• _RECORDS SUPPLIED_
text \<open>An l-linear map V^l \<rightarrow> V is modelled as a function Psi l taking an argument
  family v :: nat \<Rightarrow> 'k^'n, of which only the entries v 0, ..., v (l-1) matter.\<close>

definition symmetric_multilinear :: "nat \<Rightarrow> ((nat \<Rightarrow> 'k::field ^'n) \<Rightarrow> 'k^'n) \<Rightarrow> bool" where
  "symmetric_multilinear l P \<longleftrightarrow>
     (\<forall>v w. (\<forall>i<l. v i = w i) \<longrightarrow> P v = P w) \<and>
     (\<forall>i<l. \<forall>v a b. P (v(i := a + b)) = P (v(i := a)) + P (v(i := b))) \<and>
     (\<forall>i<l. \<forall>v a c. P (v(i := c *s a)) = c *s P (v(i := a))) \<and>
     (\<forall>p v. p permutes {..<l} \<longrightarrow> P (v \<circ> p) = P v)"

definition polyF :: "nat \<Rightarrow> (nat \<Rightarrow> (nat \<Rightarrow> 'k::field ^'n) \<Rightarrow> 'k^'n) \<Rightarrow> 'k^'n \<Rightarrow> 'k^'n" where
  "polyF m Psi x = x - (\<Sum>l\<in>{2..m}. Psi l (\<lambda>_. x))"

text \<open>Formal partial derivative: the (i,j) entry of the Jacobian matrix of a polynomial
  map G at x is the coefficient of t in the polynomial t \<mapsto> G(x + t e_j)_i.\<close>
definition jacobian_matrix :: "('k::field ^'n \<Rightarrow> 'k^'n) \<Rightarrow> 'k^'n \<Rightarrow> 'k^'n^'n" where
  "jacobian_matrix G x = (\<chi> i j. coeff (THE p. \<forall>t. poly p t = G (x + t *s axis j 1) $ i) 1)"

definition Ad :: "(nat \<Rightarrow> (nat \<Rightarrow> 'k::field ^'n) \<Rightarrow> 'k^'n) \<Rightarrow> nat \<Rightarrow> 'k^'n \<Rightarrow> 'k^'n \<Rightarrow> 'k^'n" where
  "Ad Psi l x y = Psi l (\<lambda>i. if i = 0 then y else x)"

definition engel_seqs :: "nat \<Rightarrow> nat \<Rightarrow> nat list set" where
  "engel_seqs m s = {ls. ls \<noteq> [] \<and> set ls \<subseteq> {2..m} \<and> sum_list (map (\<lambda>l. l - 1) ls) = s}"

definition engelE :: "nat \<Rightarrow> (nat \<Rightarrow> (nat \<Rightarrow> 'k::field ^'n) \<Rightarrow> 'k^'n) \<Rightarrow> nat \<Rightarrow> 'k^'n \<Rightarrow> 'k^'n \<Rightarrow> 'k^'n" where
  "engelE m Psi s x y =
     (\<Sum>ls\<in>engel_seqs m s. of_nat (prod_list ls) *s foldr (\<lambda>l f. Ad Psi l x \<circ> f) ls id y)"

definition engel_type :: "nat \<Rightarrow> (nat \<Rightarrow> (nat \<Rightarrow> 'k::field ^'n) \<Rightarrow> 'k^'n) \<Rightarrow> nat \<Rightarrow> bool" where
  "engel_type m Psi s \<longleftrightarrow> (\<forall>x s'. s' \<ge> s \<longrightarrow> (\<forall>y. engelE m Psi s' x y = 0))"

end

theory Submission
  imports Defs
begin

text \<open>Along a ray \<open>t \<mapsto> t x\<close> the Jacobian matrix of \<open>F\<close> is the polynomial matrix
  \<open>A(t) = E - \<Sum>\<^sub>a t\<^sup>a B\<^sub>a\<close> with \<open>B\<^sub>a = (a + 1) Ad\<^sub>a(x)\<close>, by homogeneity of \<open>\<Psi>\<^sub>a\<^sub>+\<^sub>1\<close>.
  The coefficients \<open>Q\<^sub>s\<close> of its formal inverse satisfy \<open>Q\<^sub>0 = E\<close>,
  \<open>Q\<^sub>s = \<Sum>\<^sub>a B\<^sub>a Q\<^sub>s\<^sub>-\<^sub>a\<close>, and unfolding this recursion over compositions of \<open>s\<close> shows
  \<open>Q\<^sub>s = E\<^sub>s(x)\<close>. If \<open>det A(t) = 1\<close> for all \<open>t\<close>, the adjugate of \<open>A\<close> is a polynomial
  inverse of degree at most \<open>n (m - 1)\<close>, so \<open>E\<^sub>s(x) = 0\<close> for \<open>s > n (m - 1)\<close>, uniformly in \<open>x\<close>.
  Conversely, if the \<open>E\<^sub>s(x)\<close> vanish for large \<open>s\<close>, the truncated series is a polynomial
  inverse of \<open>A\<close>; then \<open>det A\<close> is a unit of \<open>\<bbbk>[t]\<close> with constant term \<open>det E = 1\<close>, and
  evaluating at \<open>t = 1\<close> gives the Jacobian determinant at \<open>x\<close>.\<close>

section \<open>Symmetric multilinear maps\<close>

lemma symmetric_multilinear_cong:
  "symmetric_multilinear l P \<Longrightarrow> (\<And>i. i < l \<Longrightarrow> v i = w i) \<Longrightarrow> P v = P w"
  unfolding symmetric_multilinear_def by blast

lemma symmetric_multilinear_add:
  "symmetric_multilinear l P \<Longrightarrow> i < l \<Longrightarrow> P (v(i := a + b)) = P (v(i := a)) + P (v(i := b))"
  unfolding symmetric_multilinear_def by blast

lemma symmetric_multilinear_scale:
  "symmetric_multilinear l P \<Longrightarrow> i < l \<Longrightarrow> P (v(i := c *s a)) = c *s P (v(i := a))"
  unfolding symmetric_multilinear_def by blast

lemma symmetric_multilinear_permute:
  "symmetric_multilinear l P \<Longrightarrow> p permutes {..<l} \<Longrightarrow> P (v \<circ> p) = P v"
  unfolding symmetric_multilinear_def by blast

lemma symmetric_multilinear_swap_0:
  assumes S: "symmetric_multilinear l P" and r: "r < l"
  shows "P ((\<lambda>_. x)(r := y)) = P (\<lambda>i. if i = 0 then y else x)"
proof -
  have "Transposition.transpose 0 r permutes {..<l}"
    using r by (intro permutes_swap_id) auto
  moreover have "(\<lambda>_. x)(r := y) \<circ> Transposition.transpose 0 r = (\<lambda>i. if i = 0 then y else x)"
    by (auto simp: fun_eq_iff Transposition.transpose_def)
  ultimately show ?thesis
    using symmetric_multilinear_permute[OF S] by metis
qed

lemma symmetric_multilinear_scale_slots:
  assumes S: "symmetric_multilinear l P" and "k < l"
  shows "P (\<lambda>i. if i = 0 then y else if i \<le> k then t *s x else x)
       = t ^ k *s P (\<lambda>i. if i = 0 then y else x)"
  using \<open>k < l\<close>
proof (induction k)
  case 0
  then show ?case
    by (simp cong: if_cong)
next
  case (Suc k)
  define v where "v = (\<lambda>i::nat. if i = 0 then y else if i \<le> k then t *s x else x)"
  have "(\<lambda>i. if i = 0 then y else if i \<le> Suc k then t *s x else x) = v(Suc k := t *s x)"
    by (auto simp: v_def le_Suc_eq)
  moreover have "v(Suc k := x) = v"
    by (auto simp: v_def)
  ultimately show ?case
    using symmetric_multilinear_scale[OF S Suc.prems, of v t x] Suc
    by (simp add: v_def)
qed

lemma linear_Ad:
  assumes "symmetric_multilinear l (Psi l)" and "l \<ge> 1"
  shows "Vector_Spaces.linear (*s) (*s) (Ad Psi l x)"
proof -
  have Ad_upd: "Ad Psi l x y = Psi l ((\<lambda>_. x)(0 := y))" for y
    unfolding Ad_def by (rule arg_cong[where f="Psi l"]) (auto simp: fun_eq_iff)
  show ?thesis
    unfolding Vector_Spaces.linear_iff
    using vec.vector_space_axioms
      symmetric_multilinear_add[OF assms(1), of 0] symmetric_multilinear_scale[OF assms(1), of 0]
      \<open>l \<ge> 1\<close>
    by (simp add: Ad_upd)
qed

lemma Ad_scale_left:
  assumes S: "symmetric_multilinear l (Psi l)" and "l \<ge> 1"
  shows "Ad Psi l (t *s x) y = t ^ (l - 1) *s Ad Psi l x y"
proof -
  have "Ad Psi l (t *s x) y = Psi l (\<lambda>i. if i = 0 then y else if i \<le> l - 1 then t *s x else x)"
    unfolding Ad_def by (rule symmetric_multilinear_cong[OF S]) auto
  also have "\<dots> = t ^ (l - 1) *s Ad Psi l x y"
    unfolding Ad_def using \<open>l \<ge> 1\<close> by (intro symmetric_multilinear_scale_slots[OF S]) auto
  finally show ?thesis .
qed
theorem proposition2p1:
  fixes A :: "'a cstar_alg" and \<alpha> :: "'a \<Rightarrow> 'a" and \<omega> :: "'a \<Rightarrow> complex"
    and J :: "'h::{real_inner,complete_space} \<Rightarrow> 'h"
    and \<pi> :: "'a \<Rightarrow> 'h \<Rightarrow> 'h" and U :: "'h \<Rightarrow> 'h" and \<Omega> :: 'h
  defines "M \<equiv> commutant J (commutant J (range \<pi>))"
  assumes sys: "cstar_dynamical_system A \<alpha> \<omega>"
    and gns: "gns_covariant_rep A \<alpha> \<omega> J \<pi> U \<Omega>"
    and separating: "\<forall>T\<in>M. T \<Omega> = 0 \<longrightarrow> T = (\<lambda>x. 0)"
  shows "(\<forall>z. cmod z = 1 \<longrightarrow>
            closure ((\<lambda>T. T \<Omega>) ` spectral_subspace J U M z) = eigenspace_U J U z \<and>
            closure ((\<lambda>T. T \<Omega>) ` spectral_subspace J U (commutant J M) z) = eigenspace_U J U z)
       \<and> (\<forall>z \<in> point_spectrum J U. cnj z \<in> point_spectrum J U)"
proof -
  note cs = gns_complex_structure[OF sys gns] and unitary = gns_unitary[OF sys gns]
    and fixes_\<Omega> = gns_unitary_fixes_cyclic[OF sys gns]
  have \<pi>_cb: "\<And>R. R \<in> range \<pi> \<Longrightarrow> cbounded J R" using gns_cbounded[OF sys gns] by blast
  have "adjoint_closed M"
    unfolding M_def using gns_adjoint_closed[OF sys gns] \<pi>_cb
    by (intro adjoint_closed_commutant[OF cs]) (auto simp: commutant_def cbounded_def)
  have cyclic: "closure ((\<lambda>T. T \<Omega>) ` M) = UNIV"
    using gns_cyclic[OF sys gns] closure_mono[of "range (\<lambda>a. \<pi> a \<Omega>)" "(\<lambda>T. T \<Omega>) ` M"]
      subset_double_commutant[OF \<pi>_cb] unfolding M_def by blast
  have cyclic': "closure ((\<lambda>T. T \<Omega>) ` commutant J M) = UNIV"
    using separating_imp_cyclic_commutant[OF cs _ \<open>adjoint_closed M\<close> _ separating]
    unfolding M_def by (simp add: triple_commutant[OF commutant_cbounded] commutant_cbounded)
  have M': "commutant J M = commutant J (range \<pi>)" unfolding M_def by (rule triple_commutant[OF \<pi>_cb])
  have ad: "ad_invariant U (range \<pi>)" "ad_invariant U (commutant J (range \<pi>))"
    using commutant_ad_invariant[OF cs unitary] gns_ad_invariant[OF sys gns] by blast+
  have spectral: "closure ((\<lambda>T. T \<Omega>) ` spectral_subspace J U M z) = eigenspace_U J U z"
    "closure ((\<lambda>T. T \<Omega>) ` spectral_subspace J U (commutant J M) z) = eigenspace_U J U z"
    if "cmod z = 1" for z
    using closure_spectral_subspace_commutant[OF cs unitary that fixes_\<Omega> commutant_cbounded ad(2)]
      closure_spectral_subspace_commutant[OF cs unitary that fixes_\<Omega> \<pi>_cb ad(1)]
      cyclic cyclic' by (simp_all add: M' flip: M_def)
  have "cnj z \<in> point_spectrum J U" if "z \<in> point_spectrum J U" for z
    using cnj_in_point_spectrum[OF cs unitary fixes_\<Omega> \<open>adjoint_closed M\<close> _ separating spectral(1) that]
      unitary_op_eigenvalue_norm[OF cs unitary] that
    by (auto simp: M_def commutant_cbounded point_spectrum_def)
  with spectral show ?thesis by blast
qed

---

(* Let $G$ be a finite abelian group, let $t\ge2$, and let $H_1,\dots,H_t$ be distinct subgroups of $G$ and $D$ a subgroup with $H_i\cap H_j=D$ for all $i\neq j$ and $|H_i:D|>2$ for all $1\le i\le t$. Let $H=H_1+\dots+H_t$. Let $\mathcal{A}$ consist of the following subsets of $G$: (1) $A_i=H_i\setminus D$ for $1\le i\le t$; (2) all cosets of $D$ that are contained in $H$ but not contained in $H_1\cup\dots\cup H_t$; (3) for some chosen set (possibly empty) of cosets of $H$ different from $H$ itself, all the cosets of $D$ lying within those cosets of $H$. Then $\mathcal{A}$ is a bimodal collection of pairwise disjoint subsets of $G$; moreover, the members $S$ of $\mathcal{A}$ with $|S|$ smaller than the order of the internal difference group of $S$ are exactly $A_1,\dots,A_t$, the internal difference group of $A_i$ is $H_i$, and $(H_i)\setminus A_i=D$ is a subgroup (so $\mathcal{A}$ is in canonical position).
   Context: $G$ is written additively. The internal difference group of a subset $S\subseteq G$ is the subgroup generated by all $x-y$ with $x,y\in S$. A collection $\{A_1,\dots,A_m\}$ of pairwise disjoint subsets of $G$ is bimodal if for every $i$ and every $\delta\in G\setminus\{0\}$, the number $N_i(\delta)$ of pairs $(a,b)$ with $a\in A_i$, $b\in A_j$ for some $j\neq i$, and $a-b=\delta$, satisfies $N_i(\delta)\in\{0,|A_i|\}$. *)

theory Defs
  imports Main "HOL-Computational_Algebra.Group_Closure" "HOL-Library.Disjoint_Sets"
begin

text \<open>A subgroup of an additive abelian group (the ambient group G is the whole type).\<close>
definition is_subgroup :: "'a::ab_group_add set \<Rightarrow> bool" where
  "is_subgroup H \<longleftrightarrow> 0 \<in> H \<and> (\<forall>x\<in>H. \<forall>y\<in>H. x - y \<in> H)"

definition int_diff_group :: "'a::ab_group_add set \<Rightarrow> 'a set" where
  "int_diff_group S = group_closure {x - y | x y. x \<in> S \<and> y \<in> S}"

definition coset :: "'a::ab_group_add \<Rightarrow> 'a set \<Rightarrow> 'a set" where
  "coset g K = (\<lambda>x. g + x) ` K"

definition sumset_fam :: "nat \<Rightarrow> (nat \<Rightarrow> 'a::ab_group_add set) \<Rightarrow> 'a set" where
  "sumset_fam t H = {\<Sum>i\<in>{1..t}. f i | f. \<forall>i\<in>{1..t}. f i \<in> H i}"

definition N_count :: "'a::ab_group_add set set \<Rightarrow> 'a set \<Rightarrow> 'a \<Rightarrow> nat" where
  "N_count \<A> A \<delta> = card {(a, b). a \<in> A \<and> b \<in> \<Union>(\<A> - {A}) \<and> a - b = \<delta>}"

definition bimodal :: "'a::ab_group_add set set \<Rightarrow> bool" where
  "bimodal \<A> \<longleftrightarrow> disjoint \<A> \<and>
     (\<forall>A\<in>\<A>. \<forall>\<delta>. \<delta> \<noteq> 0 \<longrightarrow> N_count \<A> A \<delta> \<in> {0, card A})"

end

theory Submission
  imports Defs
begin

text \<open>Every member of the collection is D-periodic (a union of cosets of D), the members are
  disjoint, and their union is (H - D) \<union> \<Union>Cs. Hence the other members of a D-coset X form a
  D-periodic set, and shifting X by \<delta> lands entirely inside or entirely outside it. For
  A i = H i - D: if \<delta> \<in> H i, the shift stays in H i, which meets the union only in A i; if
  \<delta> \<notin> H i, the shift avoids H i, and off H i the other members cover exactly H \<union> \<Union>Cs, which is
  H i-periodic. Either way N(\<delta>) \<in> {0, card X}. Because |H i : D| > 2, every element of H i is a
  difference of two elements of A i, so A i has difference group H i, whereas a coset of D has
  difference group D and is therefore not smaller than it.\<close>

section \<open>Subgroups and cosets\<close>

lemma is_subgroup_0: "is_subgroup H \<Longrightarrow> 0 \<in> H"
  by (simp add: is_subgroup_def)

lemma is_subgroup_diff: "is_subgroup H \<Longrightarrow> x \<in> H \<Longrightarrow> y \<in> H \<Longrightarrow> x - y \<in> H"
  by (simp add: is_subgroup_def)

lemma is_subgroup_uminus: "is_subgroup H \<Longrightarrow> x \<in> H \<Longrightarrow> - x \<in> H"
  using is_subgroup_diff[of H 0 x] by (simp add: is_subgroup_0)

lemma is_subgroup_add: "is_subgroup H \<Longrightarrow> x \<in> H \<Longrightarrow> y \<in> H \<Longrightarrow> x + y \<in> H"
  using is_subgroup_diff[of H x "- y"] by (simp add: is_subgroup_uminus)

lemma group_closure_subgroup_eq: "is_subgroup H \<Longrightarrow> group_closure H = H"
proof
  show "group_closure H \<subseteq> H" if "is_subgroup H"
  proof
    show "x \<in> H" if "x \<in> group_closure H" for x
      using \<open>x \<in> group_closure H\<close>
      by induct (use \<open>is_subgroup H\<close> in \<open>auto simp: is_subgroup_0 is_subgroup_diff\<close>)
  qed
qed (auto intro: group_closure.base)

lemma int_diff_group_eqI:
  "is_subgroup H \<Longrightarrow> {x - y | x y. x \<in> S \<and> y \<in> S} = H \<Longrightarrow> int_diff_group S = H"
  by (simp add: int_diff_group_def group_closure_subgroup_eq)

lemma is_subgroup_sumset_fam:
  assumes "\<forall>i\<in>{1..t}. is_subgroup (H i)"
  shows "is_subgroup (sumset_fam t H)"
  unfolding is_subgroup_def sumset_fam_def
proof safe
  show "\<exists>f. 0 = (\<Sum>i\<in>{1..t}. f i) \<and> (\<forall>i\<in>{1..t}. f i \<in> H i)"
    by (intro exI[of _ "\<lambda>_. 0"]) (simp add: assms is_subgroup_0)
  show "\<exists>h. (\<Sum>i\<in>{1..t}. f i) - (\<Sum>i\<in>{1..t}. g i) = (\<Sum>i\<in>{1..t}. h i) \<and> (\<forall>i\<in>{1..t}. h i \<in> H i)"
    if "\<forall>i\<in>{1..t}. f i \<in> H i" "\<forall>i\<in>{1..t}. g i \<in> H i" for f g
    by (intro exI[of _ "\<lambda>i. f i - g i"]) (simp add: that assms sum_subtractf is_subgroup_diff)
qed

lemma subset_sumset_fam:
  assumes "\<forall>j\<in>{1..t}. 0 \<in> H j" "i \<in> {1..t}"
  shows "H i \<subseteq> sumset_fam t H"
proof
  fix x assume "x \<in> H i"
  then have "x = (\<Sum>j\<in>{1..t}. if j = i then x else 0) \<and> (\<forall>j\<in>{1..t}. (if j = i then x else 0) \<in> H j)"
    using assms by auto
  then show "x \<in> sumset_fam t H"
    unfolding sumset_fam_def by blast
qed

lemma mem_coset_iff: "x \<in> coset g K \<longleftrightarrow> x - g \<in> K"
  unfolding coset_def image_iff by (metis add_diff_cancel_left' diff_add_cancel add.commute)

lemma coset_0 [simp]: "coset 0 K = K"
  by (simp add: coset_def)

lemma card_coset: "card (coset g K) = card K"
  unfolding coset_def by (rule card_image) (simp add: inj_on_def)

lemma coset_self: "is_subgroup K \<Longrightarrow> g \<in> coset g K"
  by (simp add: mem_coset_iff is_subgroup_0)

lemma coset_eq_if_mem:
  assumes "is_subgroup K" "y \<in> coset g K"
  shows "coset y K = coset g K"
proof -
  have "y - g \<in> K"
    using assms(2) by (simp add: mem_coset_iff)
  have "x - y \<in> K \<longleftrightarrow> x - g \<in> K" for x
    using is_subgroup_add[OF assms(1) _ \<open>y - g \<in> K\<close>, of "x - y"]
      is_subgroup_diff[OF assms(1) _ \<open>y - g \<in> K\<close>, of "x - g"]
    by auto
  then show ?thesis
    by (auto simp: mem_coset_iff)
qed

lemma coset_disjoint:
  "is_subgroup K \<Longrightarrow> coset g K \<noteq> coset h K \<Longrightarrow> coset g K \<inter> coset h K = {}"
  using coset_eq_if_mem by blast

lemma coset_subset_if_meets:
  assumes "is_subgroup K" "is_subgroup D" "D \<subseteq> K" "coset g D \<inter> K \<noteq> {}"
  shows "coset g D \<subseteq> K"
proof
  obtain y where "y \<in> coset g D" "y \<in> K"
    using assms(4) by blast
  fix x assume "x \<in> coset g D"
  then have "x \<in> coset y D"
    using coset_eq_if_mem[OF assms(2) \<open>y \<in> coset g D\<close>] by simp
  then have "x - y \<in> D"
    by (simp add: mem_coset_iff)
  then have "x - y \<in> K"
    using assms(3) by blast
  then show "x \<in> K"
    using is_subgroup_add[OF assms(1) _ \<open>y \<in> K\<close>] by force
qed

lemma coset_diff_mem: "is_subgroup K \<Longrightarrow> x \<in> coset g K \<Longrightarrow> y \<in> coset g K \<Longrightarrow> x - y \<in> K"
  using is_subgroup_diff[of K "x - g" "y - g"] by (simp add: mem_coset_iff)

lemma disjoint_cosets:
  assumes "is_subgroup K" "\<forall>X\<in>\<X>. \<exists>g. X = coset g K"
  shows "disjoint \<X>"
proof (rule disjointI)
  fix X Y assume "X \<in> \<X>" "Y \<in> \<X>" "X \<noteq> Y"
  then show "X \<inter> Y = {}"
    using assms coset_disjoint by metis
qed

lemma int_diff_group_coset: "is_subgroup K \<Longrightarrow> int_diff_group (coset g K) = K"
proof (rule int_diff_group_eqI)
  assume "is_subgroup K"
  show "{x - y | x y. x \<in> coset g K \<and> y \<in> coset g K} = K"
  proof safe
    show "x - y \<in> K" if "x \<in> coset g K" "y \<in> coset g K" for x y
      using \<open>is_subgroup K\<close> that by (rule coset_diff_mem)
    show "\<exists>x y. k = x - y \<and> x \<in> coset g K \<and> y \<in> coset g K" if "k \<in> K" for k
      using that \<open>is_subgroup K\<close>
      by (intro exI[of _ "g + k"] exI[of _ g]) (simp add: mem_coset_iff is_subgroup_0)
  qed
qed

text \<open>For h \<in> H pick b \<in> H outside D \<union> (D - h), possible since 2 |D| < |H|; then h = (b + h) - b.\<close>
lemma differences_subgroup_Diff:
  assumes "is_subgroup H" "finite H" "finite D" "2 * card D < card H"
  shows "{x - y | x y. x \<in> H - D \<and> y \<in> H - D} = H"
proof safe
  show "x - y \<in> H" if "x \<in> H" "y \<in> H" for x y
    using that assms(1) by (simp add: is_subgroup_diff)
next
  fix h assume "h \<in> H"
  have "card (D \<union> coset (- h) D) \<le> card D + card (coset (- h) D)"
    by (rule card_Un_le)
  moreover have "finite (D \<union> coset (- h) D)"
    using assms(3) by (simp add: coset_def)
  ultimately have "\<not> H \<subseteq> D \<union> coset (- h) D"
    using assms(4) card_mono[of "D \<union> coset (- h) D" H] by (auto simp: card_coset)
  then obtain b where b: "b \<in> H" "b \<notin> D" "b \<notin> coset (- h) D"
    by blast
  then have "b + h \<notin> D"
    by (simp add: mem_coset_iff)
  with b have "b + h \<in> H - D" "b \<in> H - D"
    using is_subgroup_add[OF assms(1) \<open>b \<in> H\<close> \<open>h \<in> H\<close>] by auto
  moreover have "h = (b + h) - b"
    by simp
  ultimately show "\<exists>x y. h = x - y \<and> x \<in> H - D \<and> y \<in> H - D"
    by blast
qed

• _ASSIGNMENT_
Go through the listing above and return each line that includes the word "rule".

• _PROBLEM SOLUTION_
    unfolding Ad_def by (rule arg_cong[where f="Psi l"]) (auto simp: fun_eq_iff)
    unfolding Ad_def by (rule symmetric_multilinear_cong[OF S]) auto
  have M': "commutant J M = commutant J (range \<pi>)" unfolding M_def by (rule triple_commutant[OF \<pi>_cb])
  unfolding coset_def by (rule card_image) (simp add: inj_on_def)
proof (rule disjointI)
proof (rule int_diff_group_eqI)
      using \<open>is_subgroup K\<close> that by (rule coset_diff_mem)
    by (rule card_Un_le)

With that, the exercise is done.